ReCon: Reconfiguring Analog Rydberg Atom Quantum Computers for Quantum Generative Adversarial Networks

TL;DR

ReCon is proposed, the first work to implement quantum GANs on analog Rydberg atom quantum computers, and shows 33% better quality in generated images than the state-of-the-art technique implemented on superconducting-qubit technology.

Abstract

Quantum computing has shown theoretical promise of speedup in several machine learning tasks, including generative tasks using generative adversarial networks (GANs). While quantum computers have been implemented with different types of technologies, recently, analog Rydberg atom quantum computers have been demonstrated to have desirable properties such as reconfigurable qubit (quantum bit) positions and multi-qubit operations. To leverage the properties of this technology, we propose ReCon, the first work to implement quantum GANs on analog Rydberg atom quantum computers.

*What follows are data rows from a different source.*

lemma inf_sum_eq_0:
  fixes a :: "'a::banach_lattice"
  assumes "0 \<le> a" "finite J" "\<And>i. i \<in> J \<Longrightarrow> 0 \<le> w i \<and> inf a (w i) = 0"
  shows "inf a (sum w J) = 0"
  using assms(2,3)
proof (induction J rule: finite_induct)
  case (insert j J)
  have "inf a (w j + sum w J) \<le> inf a (w j) + inf a (sum w J)"
    using insert assms(1) by (intro inf_add_le) (auto intro: sum_nonneg)
  moreover have "0 \<le> inf a (w j + sum w J)"
    using insert assms(1) by (auto intro: add_nonneg_nonneg sum_nonneg)
  ultimately show ?case using insert by simp
qed (use assms(1) in \<open>simp add: inf_absorb2\<close>)

lemma lat_disjoint_commute: "lat_disjoint x y \<longleftrightarrow> lat_disjoint y x"
  by (simp add: lat_disjoint_def inf_commute)

lemma lat_disjoint_sum_right:
  fixes x :: "'b \<Rightarrow> 'a::banach_lattice"
  assumes "finite J" "\<And>i. i \<in> J \<Longrightarrow> lat_disjoint y (x i)"
  shows "lat_disjoint y (\<Sum>i\<in>J. c i *\<^sub>R x i)"
proof -
  have "inf (lat_abs y) (\<Sum>i\<in>J. \<bar>c i\<bar> *\<^sub>R lat_abs (x i)) = 0"
    using assms lat_abs_nonneg
    by (intro inf_sum_eq_0 conjI scaleR_nonneg_nonneg inf_scaleR_eq_0)
      (auto simp: lat_disjoint_def)
  moreover have "inf (lat_abs y) (lat_abs (\<Sum>i\<in>J. c i *\<^sub>R x i))
      \<le> inf (lat_abs y) (\<Sum>i\<in>J. \<bar>c i\<bar> *\<^sub>R lat_abs (x i))"
    using lat_abs_sum_le by (rule inf_mono[OF order_refl])
  ultimately show ?thesis
    using lat_abs_nonneg unfolding lat_disjoint_def by (metis antisym le_inf_iff)
qed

Our evaluation using simulations and real-computer executions shows 33% better quality (measured using Frechet Inception Distance (FID)) in generated images than the state-of-the-art technique implemented on superconducting-qubit technology.

Figures (20)

• Figure 1: (a) The analog quantum model involves the evolution of quantum register under some (time-dependent) Hamiltonian $(H)$ followed by qubit measurement at the end (circular meters). (b) Atoms can be reconfigured into different positions that affect their interaction strength.
• Figure 2: Rydberg atom quantum computers can apply global operational pulses that affect all qubits simultaneously.
• Figure 3: Training of a classical GAN. Once trained, the generator is used to run inference tasks to generate images.
• Figure 4: ReCon uses PCA and inverse PCA in its design.
• Figure 5: ReCon parameterizes the qubit positions (spatial), as well as the amplitudes of the local detuning, constant global detuning (not shown), and global frequency of the Hamiltonian pulses (temporal).